I Disturbi dissociativi
La categoria dei disturbi dissociativi è stata inserita la prima volta nella terza edizione del Manuale Diagnostico e Statistico dei
Disturbi Mentali (DSM-III, American Psychiatric Association, 1980). La caratteristica che appare centrale nei disturbi
dissociativi è la perdita dell’impressione soggettiva di continuità della memoria e della coscienza. Si manifestano cioè
esperienze di alterazioni dello stato di coscienza (stati ipnoidi o di trance, sonnambulismo, depersonalizzazione,
derealizzazione) insieme a lacune di memoria. I soggetti che ne soffrono possono riferire che esistono periodi della loro vita
anche recente, troppo lunghi perché possa trattarsi di un’ordinaria dimenticanza, di cui non conservano alcun ricordo o solo
ricordi molto vaghi e confusi. Oppure riferiscono di sperimentare a volte come due flussi di coscienza simultanei e separati, o
ancora di sperimentare la scomparsa di ogni pensiero e immagine mentale, come se la coscienza si svuotasse dei suoi
contenuti. Il senso di irrealtà, il comportamento espressivo e motorio disorientato e disorganizzato, insieme alla percezione
corporea stravolta (corpo che appare trasformato, l’esperienza di essere fuori dal proprio corpo e di osservarlo dall’esterno)
sono altri sintomi che fanno sospettare un disturbo dissociativo. Il tipo più clamoroso di discontinuità nella propria esperienza
soggettiva e/o nella capacità di ricordarla narrarla è osservabile nel Disturbo dissociativo dell’identità, in cui la continuità
dell’esperienza cosciente è interrotta dall’emergere periodico di “un’altra personalità” (a cui ci si riferisce nella letteratura
contemporanea con il termine alter) che assume il controllo del pensiero e del comportamento. Una volta che la personalità
primaria ricompare, non conserva memoria di quanto accaduto nel frattempo. La diagnosi certa di disturbo dissociativo
dell’identità è possibile solo quando il clinico assiste alla comparsa dell’alter che si sostituisce alla personalità primaria.

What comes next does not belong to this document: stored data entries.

(* Let $m\ge1$ and $p_1,\dots,p_m$ be distinct primes, and let $S=\{1\}\cup\{p_1,\dots,p_m\}\cup\{p_ip_j: 1\le i<j\le m\}$, so $|S|=\frac12(m^2+m+2)$. Then $[S]$ is invertible, $i_-([S])=m$ and $i_+([S])=1+\binom m2=\frac12(m^2-m+2)$.
   Context: The LCM matrix $[S]$ of $S=\{x_1,\dots,x_n\}$ has $(i,j)$ entry $\mathrm{lcm}(x_i,x_j)$; $i_+(M)$ and $i_-(M)$ denote the numbers of positive and negative eigenvalues (with multiplicity) of a real symmetric matrix $M$. *)

theory Defs
  imports "Jordan_Normal_Form.Char_Poly" "HOL-Computational_Algebra.Primes"
begin

definition lcm_matrix :: "nat set \<Rightarrow> real mat" where
  "lcm_matrix S = (let xs = sorted_list_of_set S in
     mat (length xs) (length xs) (\<lambda>(i,j). real (lcm (xs ! i) (xs ! j))))"

definition pos_inertia :: "real mat \<Rightarrow> nat" where
  "pos_inertia M = (\<Sum>x\<in>{x. poly (char_poly M) x = 0 \<and> x > 0}. order x (char_poly M))"

definition neg_inertia :: "real mat \<Rightarrow> nat" where
  "neg_inertia M = (\<Sum>x\<in>{x. poly (char_poly M) x = 0 \<and> x < 0}. order x (char_poly M))"

end

theory Submission
  imports Defs
begin

text \<open>Let \<open>S\<close> be listed increasingly as \<open>x\<^sub>1 < \<dots> < x\<^sub>n\<close>. It consists of the products of
  at most two of the primes, so it is closed under divisors, and for squarefree \<open>s, t\<close>
  \<open>1 / gcd s t = \<Sum>\<^bsub>d | gcd s t\<^esub> w d\<close> with \<open>w d = \<Prod>\<^bsub>p | d\<^esub> (1/p - 1)\<close>. Hence
  \<open>lcm x\<^sub>i x\<^sub>j = \<Sum>\<^sub>k R\<^sub>k\<^sub>i w(x\<^sub>k) R\<^sub>k\<^sub>j\<close> where \<open>R\<^sub>k\<^sub>i = x\<^sub>i\<close> if \<open>x\<^sub>k\<close> divides \<open>x\<^sub>i\<close> and \<open>0\<close>
  otherwise, i.e. \<open>[S] = R\<^sup>T diag(w(x\<^sub>k)) R\<close> with \<open>R\<close> upper triangular and invertible.
  By Sylvester's law of inertia \<open>[S]\<close> is invertible and its inertia is read off from the signs
  of the \<open>w(x\<^sub>k)\<close>: the sign of \<open>w d\<close> is \<open>(-1)\<close> to the number of prime factors of \<open>d\<close>, giving a
  positive eigenvalue for \<open>1\<close> and for each \<open>p\<^sub>i p\<^sub>j\<close> and a negative one for each \<open>p\<^sub>i\<close>.
  Since inertia is defined through the roots of the characteristic polynomial, Sylvester's law
  is combined with the spectral theorem for real symmetric matrices, proved by deflation with
  Householder reflections.\<close>

section \<open>Sylvester's law of inertia for diagonal forms\<close>

lemma exists_vec_supported_with_supported_image:
  fixes R :: "'a :: field mat"
  assumes R: "R \<in> carrier_mat n n" and I: "I \<subseteq> {..<n}" and J: "J \<subseteq> {..<n}"
    and card: "n < card I + card J"
  shows "\<exists>u \<in> carrier_vec n. u \<noteq> 0\<^sub>v n \<and> (\<forall>i<n. i \<notin> I \<longrightarrow> u $ i = 0)
           \<and> (\<forall>j<n. j \<notin> J \<longrightarrow> (R *\<^sub>v u) $ j = 0)"
proof -
  define ic where "ic = sorted_list_of_set ({..<n} - I)"
  define jc where "jc = sorted_list_of_set ({..<n} - J)"
  have len_ic: "length ic = n - card I" and len_jc: "length jc = n - card J"
    using I J finite_subset[OF I] finite_subset[OF J] by (simp_all add: ic_def jc_def card_Diff_subset)
  have "card I \<le> n" "card J \<le> n" using card_mono[OF finite_lessThan] I J by fastforce+
  hence short: "length ic + length jc < n" using len_ic len_jc card by linarith
  \<comment> \<open>Fewer than \<open>n\<close> linear constraints: the unit rows \<open>e\<^sub>i\<close> for \<open>i \<notin> I\<close> and the rows
    \<open>j \<notin> J\<close> of \<open>R\<close>; padded with zero rows they form a singular square matrix.\<close>
  define M where "M = mat n n (\<lambda>(r,c). if r < length ic then (if c = ic ! r then 1 else 0)
      else if r < length ic + length jc then R $$ (jc ! (r - length ic), c) else 0)"
  have M: "M \<in> carrier_mat n n" unfolding M_def by simp
  have "M = mat\<^sub>r n n (\<lambda>i. if i = n - 1 then 0\<^sub>v n else row M i)"
    by (rule eq_matI) (use short in \<open>auto simp: M_def\<close>)
  hence "det M = 0" using det_row_0[of "n - 1" n "\<lambda>i. row M i"] short M by auto
  then obtain u where u: "u \<in> carrier_vec n" "u \<noteq> 0\<^sub>v n" "M *\<^sub>v u = 0\<^sub>v n"
    using det_0_iff_vec_prod_zero_field[OF M] by auto
  have Mu: "(M *\<^sub>v u) $ r = 0" if "r < n" for r using u(3) that by simp
  show ?thesis
  proof (intro bexI conjI allI impI)
    fix i assume i: "i < n" "i \<notin> I"
    hence "i \<in> set ic" by (simp add: ic_def)
    then obtain r where r: "r < length ic" "ic ! r = i" by (auto simp: in_set_conv_nth)
    have "(M *\<^sub>v u) $ r = u $ i"
      using r short u(1) i by (simp add: M_def scalar_prod_def if_distrib[of "\<lambda>x. x * _"] cong: if_cong)
    thus "u $ i = 0" using Mu[of r] r short i by simp
  next
    fix j assume j: "j < n" "j \<notin> J"
    hence "j \<in> set jc" by (simp add: jc_def)
    then obtain t where t: "t < length jc" "jc ! t = j" by (auto simp: in_set_conv_nth)
    have "(M *\<^sub>v u) $ (length ic + t) = (R *\<^sub>v u) $ j"
      using t short u(1) R j by (auto simp: M_def scalar_prod_def)
    thus "(R *\<^sub>v u) $ j = 0" using Mu[of "length ic + t"] t short by simp
  qed (use u in auto)
qed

Manifestazioni meno clamorose e gravi di quelle osservabili nel disturbo dissociativo dell’identità sono presenti come aspetti
centrali degli altri tipi di disturbo dissociativo elencati dal DSM-IV: Amnesia psicogena, Fuga psicogena, Disturbo di
depersonalzzazione, Disturbo dissociativo non altrimenti specificato. Nell’Amnesia psicogena un vuoto nella memoria, troppo
grande e relativo a eventi troppo recenti perché possa trattarsi di una normale dimenticanza, domina la sintomatologia. Se
durante la lacuna della memoria il paziente, secondo testimonianze esterne, ha impulsivamente intrapreso un viaggio, si è
allontanato dal proprio ambiente abituale di vita, ha assunto abitudini insolite o addirittura un altro nome, va posta la diagnosi
di Fuga psicogena. La fuga, che può durare ore, giorni o settimane, si configura come una manifestazione intermedia fra la
semplice amnesia psicogena e il disturbo dissociativo dell’identità. La differenzia da quest’ultimo il fatto che l’assunzione di una
sorta di nuova identità avviene in un contesto interpersonale e in un luogo diverso da quelli soliti. Nel Disturbo di
depersonalizzazione invece, la discontinuità della coscienza e dell’identità appare più come una temporanea possibilità che
una durevole realtà. Il paziente avverte un’improvvisa trasformazione della comune esperienza dello schema corporeo, oppure
lamenta uno stravolgimento della propria esperienza di pensieri ed emozioni, accompagnato o meno da percezione modificata
della realtà esterna. (derealizzazione). Esistono infine pazienti, che pur non presentando l’insieme di condizioni cliniche
necessarie per la diagnosi di uno dei disturbi dissociativi fin qui descritti, richiedono aiuto psicoterapico per sintomi
chiaramente riferibili ad alterazioni della continuità della coscienza (stati di disorientamento, di stupore, stati simili a trance).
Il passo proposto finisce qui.